## ASSIGNED TASK
Identify each line below containing the string "close" and copy it.

SOURCE DATA Start Marker

lemma hz_differential_inner_hz:
  assumes \<eta>: "norm \<eta> = 1" and z: "\<bar>z\<bar> < 1"
  shows "hz_differential z \<eta> v \<bullet> hz z \<eta> = (hz_factor z \<eta>)\<^sup>2 * (v \<bullet> \<eta>)"
proof -
  define t u s D where "t = lastc \<eta>" and "u = lastc v" and "s = sqrt (1 - z\<^sup>2)" and "D = 1 + z * t"
  have "0 < D"
    using hz_denominator_pos[OF \<eta> z] by (simp add: D_def t_def)
  have "hz_differential z \<eta> v \<bullet> hz z \<eta> = (s / D) * (s / D) * (v \<bullet> \<eta> - u * t)
      - (s * z * u / D\<^sup>2) * (s / D) * (1 - t * t) + ((1 - z\<^sup>2) * u / D\<^sup>2) * ((z + t) / D)"
    using \<eta> by (simp add: hz_differential_def hz_eq hz_factor_def inner_add_left inner_diff_left inner_add_right
        inner_diff_right inner_horiz norm_eq_1 flip: t_def u_def s_def D_def)
      (use \<open>0 < D\<close> in \<open>simp add: field_simps\<close>)
  also have "\<dots> = (s * s * D * (v \<bullet> \<eta> - u * t) - s * s * z * u * (1 - t * t) + (1 - z\<^sup>2) * u * (z + t)) / D ^ 3"
    using \<open>0 < D\<close> by (simp add: field_simps power2_eq_square power3_eq_cube)
  also have "s * s * D * (v \<bullet> \<eta> - u * t) - s * s * z * u * (1 - t * t) + (1 - z\<^sup>2) * u * (z + t)
      = s * s * D * (v \<bullet> \<eta>)"
    using sqrt_one_minus_sq[OF z] unfolding D_def s_def by (simp add: algebra_simps power2_eq_square)
  also have "s * s * D * (v \<bullet> \<eta>) / D ^ 3 = (s / D)\<^sup>2 * (v \<bullet> \<eta>)"
    using \<open>0 < D\<close> by (simp add: field_simps power2_eq_square power3_eq_cube)
  finally show ?thesis
    by (simp add: hz_factor_def s_def D_def t_def)
qed

lemma hz_differential_inner_xi:
  assumes \<xi>: "norm \<xi> = 1" and \<eta>: "norm \<eta> = 1" and z: "\<bar>z\<bar> < 1" and perp: "gz z \<xi> \<bullet> \<eta> = 0"
  shows "hz_differential z \<eta> v \<bullet> \<xi> = hz_factor z \<eta> * sqrt (1 - z\<^sup>2 * (lastc \<xi>)\<^sup>2) * (v \<bullet> gz z \<xi>)"
proof -
  define t x u m k s D r where "t = lastc \<eta>" and "x = lastc \<xi>" and "u = lastc v" and "m = v \<bullet> \<xi>"
    and "k = \<eta> \<bullet> \<xi>" and "s = sqrt (1 - z\<^sup>2)" and "D = 1 + z * t" and "r = sqrt (1 - z\<^sup>2 * x\<^sup>2)"
  have "0 < D"
    using hz_denominator_pos[OF \<eta> z] by (simp add: D_def t_def)
  have "0 < r"
    using sq_mult_sq_lastc_less_1[OF \<xi> z] by (simp add: r_def x_def)
  have k: "k - x * t + s * x * t = 0"
    using perp \<open>0 < r\<close> by (simp add: inner_gz inner_commute[of \<xi>] flip: k_def x_def t_def s_def r_def)
  have "\<xi> \<bullet> v = m"
    by (simp add: m_def inner_commute)
  then have "v \<bullet> gz z \<xi> = (m - x * u + s * x * u) / r"
    by (simp add: inner_commute[of v "gz z \<xi>"] inner_gz flip: x_def u_def s_def r_def)
  moreover have "hz_differential z \<eta> v \<bullet> \<xi> = (s / D) * (m - u * x) - (s * z * u / D\<^sup>2) * (k - t * x) + ((1 - z\<^sup>2) * u / D\<^sup>2) * x"
    by (simp add: hz_differential_def hz_factor_def inner_add_left inner_diff_left inner_horiz
        flip: t_def x_def u_def m_def k_def s_def D_def)
  moreover have "(s / D) * (m - u * x) - (s * z * u / D\<^sup>2) * (k - t * x) + ((1 - z\<^sup>2) * u / D\<^sup>2) * x
      = (s / D) * (m - x * u + s * x * u)"
  proof -
    have "s * s = 1 - z\<^sup>2"
      using sqrt_one_minus_sq[OF z] by (simp add: s_def power2_eq_square)
    then have num: "s * D * (m - u * x) - s * z * u * (k - t * x) + (1 - z\<^sup>2) * u * x
        = s * D * (m - x * u + s * x * u)"
      using k unfolding D_def by algebra
    have "(s / D) * (m - u * x) - (s * z * u / D\<^sup>2) * (k - t * x) + ((1 - z\<^sup>2) * u / D\<^sup>2) * x
        = (s * D * (m - u * x) - s * z * u * (k - t * x) + (1 - z\<^sup>2) * u * x) / D\<^sup>2"
      using \<open>0 < D\<close> by (simp add: field_simps power2_eq_square)
    also have "\<dots> = (s / D) * (m - x * u + s * x * u)"
      unfolding num using \<open>0 < D\<close> by (simp add: power2_eq_square)
    finally show ?thesis .
  qed
  ultimately show ?thesis
    using \<open>0 < r\<close> by (simp add: hz_factor_def flip: s_def t_def D_def x_def r_def)
qed

lemma has_derivative_lastc [derivative_intros]:
  "(f has_derivative f') F \<Longrightarrow> ((\<lambda>x. lastc (f x)) has_derivative (\<lambda>h. lastc (f' h))) F"
  by (rule bounded_linear.has_derivative[OF bounded_linear_lastc])

lemma has_derivative_horiz [derivative_intros]:
  "(f has_derivative f') F \<Longrightarrow> ((\<lambda>x. horiz (f x)) has_derivative (\<lambda>h. horiz (f' h))) F"
  by (rule bounded_linear.has_derivative[OF bounded_linear_horiz])

lemma hz_has_derivative:
  assumes "1 + z * lastc \<eta> \<noteq> 0"
  shows "(hz z has_derivative hz_differential z \<eta>) (at \<eta>)"
proof -
  define s D where "s = sqrt (1 - z\<^sup>2)" and "D = 1 + z * lastc \<eta>"
  have "D \<noteq> 0"
    using assms by (simp add: D_def)
  have denom: "((\<lambda>x. 1 + z * lastc x) has_derivative (\<lambda>h. z * lastc h)) (at \<eta>)"
    by (auto intro!: derivative_eq_intros)
  have factor: "((\<lambda>x. s / (1 + z * lastc x)) has_derivative (\<lambda>h. - (s * z * lastc h / D\<^sup>2))) (at \<eta>)"
    by (rule has_derivative_eq_rhs[OF has_derivative_divide[OF has_derivative_const denom assms]])
      (use \<open>D \<noteq> 0\<close> in \<open>simp add: fun_eq_iff field_simps power2_eq_square flip: D_def\<close>)
  have height: "((\<lambda>x. (z + lastc x) / (1 + z * lastc x)) has_derivative (\<lambda>h. (1 - z\<^sup>2) * lastc h / D\<^sup>2)) (at \<eta>)"
    by (rule has_derivative_eq_rhs[OF has_derivative_divide[OF
          has_derivative_add[OF has_derivative_const has_derivative_lastc[OF has_derivative_ident]] denom assms]])
      (use \<open>D \<noteq> 0\<close> in \<open>simp add: fun_eq_iff field_simps power2_eq_square flip: D_def,
        simp add: D_def algebra_simps power2_eq_square\<close>)
  have hz: "hz z = (\<lambda>x. (s / (1 + z * lastc x)) *\<^sub>R horiz x + ((z + lastc x) / (1 + z * lastc x)) *\<^sub>R unit_last)"
    by (simp add: fun_eq_iff hz_eq hz_factor_def s_def)
  show ?thesis
    unfolding hz by (rule has_derivative_eq_rhs[OF has_derivative_add[OF has_derivative_scaleR[OF factor
          has_derivative_horiz[OF has_derivative_ident]] has_derivative_scaleR_left[OF height]]])
      (simp add: fun_eq_iff hz_differential_def hz_factor_def algebra_simps flip: s_def D_def)
qed

lemma det_matrix_hz_differential:
  fixes \<eta> :: "real^'n::{finite,linorder}"
  assumes "1 + z * lastc \<eta> \<noteq> 0" "\<bar>z\<bar> < 1"
  shows "det (matrix (hz_differential z \<eta>)) = hz_factor z \<eta> ^ (CARD('n) + 1)"
proof -
  let ?M = "matrix (hz_differential z \<eta>)" and ?a = "hz_factor z \<eta>"
  have entry: "?M $ i $ j = hz_differential z \<eta> (axis j 1) $ i" for i j
    by (simp add: matrix_def)
  have "?M $ i $ j = (if i = j then ?a else 0)" if "j \<noteq> lastidx" for i j
    using that by (simp add: entry hz_differential_def horiz_nth unit_last_nth lastc_def axis_def)
  moreover have "?M $ lastidx $ lastidx = (1 - z\<^sup>2) / (1 + z * lastc \<eta>)\<^sup>2"
    by (simp add: entry hz_differential_def horiz_nth unit_last_nth lastc_def)
  ultimately have "det ?M = ((1 - z\<^sup>2) / (1 + z * lastc \<eta>)\<^sup>2) * (\<Prod>i\<in>UNIV - {lastidx :: 'n}. ?a)"
    by (subst det_eq_prod_diagonal_if_offdiagonal_in_column[where l = lastidx])
      (auto simp: prod.remove[of UNIV lastidx])
  also have "(1 - z\<^sup>2) / (1 + z * lastc \<eta>)\<^sup>2 = ?a\<^sup>2"
    using sqrt_one_minus_sq[OF assms(2)] by (simp add: hz_factor_def power_divide)
  also have "(\<Prod>i\<in>UNIV - {lastidx :: 'n}. ?a) = ?a ^ (CARD('n) - 1)"
    by (simp add: card_Diff_singleton)
  finally show ?thesis
    by (simp add: power_add[symmetric] Suc_diff_le)
qed

lemma linear_hz_differential: "1 + z * lastc \<eta> \<noteq> 0 \<Longrightarrow> linear (hz_differential z \<eta>)"
  using hz_has_derivative has_derivative_linear by blast

lemma frechet_derivative_hz: "1 + z * lastc \<eta> \<noteq> 0 \<Longrightarrow> frechet_derivative (hz z) (at \<eta>) = hz_differential z \<eta>"
  using hz_has_derivative frechet_derivative_at by metis

lemma detl_map_hz_differential:
  fixes \<eta> :: "real^'n::{finite,linorder}"
  assumes "norm \<eta> = 1" "\<bar>z\<bar> < 1" "length xs = CARD('n)"
  shows "detl (map (hz_differential z \<eta>) xs) = hz_factor z \<eta> ^ (CARD('n) + 1) * detl xs"
  using hz_denominator_pos[OF assms(1,2)] assms(2,3)
  by (simp add: detl_map_linear linear_hz_differential det_matrix_hz_differential)

section \<open>Pullback of the volume forms\<close>

lemma hz_differential_tan_sphere:
  assumes "norm \<eta> = 1" "\<bar>z\<bar> < 1" "v \<in> tan_sphere \<eta>"
  shows "hz_differential z \<eta> v \<in> tan_sphere (hz z \<eta>)"
  using assms by (simp add: tan_sphere_def hz_differential_inner_hz)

SOURCE DATA End Marker

## ANSWER SECTION
      (use \<open>0 < D\<close> in \<open>simp add: field_simps\<close>)
    using \<open>0 < D\<close> by (simp add: field_simps power2_eq_square power3_eq_cube)
    using \<open>0 < D\<close> by (simp add: field_simps power2_eq_square power3_eq_cube)
    using perp \<open>0 < r\<close> by (simp add: inner_gz inner_commute[of \<xi>] flip: k_def x_def t_def s_def r_def)
      using \<open>0 < D\<close> by (simp add: field_simps power2_eq_square)
      unfolding num using \<open>0 < D\<close> by (simp add: power2_eq_square)
    using \<open>0 < r\<close> by (simp add: hz_factor_def flip: s_def t_def D_def x_def r_def)
      (use \<open>D \<noteq> 0\<close> in \<open>simp add: fun_eq_iff field_simps power2_eq_square flip: D_def\<close>)
      (use \<open>D \<noteq> 0\<close> in \<open>simp add: fun_eq_iff field_simps power2_eq_square flip: D_def,
        simp add: D_def algebra_simps power2_eq_square\<close>)
section \<open>Pullback of the volume forms\<close>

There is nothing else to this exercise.